# [HOW TO COMPLETE THIS TASK]
Go through the lines below and tally those containing the string "Defs". Respond with the number only.

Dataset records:
-*-*-
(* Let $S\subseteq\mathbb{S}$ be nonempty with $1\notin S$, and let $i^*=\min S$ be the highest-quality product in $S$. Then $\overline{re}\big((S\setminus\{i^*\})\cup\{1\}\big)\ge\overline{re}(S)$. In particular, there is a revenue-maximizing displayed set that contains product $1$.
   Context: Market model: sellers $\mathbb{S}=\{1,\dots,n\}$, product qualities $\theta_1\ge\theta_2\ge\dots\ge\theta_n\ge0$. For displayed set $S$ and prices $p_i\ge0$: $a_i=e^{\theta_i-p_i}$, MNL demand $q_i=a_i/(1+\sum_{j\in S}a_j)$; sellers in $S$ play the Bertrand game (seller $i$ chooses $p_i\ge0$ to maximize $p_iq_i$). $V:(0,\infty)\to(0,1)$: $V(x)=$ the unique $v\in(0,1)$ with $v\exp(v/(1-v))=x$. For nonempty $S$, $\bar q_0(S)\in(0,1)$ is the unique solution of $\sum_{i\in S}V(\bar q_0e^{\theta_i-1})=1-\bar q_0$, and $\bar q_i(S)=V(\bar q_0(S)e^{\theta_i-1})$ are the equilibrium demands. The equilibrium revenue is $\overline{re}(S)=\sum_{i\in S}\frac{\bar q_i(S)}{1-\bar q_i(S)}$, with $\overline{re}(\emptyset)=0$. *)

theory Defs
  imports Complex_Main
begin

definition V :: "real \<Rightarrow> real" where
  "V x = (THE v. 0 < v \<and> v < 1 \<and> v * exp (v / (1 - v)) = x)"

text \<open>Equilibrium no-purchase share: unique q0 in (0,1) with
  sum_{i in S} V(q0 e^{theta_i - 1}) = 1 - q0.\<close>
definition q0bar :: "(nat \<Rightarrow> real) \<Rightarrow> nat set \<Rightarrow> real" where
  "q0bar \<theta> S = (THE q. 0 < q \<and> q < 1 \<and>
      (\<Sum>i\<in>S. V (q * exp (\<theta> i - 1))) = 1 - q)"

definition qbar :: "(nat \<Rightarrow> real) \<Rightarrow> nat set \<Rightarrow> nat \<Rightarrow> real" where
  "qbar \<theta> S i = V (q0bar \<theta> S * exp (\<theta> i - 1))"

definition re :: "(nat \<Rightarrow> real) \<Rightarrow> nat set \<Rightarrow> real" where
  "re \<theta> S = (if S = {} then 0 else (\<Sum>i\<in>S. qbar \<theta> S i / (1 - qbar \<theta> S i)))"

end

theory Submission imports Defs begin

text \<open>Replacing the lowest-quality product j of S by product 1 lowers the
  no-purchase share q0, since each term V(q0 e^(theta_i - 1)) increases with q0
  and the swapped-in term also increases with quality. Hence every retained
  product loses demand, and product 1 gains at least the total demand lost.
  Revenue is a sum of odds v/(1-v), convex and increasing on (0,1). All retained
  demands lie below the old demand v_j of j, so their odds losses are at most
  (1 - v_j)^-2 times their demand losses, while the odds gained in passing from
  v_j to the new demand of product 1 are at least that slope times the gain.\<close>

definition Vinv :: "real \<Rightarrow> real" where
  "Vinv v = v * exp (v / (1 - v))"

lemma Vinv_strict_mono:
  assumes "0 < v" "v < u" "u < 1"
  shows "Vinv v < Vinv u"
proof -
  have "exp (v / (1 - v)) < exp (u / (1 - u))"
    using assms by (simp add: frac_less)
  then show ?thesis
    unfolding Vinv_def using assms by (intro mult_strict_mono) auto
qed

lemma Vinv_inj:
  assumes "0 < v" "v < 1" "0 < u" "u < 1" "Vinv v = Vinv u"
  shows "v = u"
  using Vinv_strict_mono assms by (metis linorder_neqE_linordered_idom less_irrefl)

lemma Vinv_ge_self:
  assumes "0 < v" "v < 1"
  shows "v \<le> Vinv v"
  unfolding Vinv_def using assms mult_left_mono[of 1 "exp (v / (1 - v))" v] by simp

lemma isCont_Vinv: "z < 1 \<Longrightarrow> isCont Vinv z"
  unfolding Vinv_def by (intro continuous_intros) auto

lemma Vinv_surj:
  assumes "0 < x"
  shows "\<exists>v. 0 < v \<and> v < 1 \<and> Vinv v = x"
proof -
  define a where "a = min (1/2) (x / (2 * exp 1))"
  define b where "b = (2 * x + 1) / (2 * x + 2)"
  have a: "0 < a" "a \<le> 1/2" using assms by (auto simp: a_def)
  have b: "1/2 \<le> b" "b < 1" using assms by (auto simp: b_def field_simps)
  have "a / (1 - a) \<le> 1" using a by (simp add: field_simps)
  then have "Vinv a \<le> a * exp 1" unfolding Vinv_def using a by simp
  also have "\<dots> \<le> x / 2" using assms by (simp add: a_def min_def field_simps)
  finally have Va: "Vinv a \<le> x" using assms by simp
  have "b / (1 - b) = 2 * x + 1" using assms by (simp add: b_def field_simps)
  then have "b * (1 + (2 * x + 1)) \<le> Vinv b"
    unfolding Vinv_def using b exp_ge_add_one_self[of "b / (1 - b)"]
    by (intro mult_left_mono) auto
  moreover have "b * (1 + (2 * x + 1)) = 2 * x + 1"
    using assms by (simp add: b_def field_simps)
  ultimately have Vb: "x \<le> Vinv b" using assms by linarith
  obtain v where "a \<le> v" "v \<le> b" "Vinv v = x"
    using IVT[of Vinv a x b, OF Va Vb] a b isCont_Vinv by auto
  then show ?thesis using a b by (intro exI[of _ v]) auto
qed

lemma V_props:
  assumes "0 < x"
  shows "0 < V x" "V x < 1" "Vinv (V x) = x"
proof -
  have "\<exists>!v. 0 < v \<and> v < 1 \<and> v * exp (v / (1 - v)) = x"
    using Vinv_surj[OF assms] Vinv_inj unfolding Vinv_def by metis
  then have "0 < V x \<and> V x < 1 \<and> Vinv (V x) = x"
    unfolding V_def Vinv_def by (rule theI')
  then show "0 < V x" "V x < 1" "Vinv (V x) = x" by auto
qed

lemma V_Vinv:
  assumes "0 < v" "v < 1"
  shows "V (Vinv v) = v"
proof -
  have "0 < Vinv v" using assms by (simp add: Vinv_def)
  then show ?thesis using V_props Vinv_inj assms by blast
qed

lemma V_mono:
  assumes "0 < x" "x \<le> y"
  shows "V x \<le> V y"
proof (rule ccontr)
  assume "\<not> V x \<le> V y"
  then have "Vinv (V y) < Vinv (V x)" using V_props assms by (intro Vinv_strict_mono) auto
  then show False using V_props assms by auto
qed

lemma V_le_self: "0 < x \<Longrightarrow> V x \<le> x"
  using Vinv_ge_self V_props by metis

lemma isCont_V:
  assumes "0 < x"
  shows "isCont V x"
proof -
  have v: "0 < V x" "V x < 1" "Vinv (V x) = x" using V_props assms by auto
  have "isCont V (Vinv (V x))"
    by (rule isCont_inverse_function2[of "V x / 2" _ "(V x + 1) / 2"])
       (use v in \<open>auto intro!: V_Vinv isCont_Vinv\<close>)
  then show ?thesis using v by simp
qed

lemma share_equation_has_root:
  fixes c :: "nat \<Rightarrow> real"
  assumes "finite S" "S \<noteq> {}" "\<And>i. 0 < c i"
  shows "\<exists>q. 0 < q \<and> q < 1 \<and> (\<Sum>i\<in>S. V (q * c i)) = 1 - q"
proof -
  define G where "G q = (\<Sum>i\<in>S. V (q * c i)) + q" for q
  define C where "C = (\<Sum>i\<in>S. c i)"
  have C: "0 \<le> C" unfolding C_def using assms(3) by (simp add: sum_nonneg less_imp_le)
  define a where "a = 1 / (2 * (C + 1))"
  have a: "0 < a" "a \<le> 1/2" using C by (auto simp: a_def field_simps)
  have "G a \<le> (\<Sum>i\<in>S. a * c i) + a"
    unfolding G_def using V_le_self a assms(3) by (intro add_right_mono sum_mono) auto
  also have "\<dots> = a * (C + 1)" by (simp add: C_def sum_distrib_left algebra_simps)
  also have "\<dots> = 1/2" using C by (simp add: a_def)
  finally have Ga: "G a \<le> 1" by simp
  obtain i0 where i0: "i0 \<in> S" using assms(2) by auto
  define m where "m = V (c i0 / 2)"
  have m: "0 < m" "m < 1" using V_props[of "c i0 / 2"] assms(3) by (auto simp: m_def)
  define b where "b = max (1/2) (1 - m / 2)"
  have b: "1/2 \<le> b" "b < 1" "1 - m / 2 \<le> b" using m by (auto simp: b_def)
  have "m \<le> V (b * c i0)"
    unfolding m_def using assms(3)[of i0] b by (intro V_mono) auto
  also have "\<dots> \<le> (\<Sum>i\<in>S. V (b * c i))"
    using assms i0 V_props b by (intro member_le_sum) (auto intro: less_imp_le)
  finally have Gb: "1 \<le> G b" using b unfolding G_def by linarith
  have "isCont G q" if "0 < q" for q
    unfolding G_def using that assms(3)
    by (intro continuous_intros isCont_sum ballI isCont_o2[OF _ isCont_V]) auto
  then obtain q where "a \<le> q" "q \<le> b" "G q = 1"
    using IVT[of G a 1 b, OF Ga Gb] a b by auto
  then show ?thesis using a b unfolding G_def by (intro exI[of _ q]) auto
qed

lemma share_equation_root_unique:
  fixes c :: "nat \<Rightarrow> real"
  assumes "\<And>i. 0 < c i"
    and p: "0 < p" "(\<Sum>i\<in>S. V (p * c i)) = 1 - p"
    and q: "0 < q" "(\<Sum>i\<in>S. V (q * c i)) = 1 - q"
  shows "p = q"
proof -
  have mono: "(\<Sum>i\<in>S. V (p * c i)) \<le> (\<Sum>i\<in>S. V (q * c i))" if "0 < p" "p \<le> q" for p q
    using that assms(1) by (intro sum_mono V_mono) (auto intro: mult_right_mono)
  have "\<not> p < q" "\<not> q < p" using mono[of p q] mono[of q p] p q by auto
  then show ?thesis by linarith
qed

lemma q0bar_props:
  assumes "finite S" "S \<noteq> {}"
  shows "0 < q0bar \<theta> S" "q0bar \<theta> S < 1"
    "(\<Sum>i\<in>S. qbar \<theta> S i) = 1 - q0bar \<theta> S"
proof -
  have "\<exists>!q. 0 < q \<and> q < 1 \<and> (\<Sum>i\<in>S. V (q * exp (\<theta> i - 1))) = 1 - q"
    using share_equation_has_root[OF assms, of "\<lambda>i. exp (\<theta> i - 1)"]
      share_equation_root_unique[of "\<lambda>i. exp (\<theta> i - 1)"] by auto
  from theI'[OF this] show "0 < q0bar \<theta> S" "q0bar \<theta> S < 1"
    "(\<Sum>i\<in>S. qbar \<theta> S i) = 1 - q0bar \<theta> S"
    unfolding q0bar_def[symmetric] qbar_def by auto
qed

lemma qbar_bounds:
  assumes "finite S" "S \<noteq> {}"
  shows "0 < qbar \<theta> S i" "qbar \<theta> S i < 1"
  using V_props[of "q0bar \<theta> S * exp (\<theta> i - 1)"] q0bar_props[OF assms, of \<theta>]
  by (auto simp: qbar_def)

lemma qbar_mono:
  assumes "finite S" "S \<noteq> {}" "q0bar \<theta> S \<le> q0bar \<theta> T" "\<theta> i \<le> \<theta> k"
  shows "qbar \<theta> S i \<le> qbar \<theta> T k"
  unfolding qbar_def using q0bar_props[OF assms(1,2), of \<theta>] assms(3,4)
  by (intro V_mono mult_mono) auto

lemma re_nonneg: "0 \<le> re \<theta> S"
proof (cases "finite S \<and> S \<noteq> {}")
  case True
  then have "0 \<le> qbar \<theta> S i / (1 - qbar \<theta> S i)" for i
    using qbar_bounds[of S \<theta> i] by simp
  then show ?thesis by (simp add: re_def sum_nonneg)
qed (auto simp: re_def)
-*-*-
# [RESULT FOR THIS TASK]
2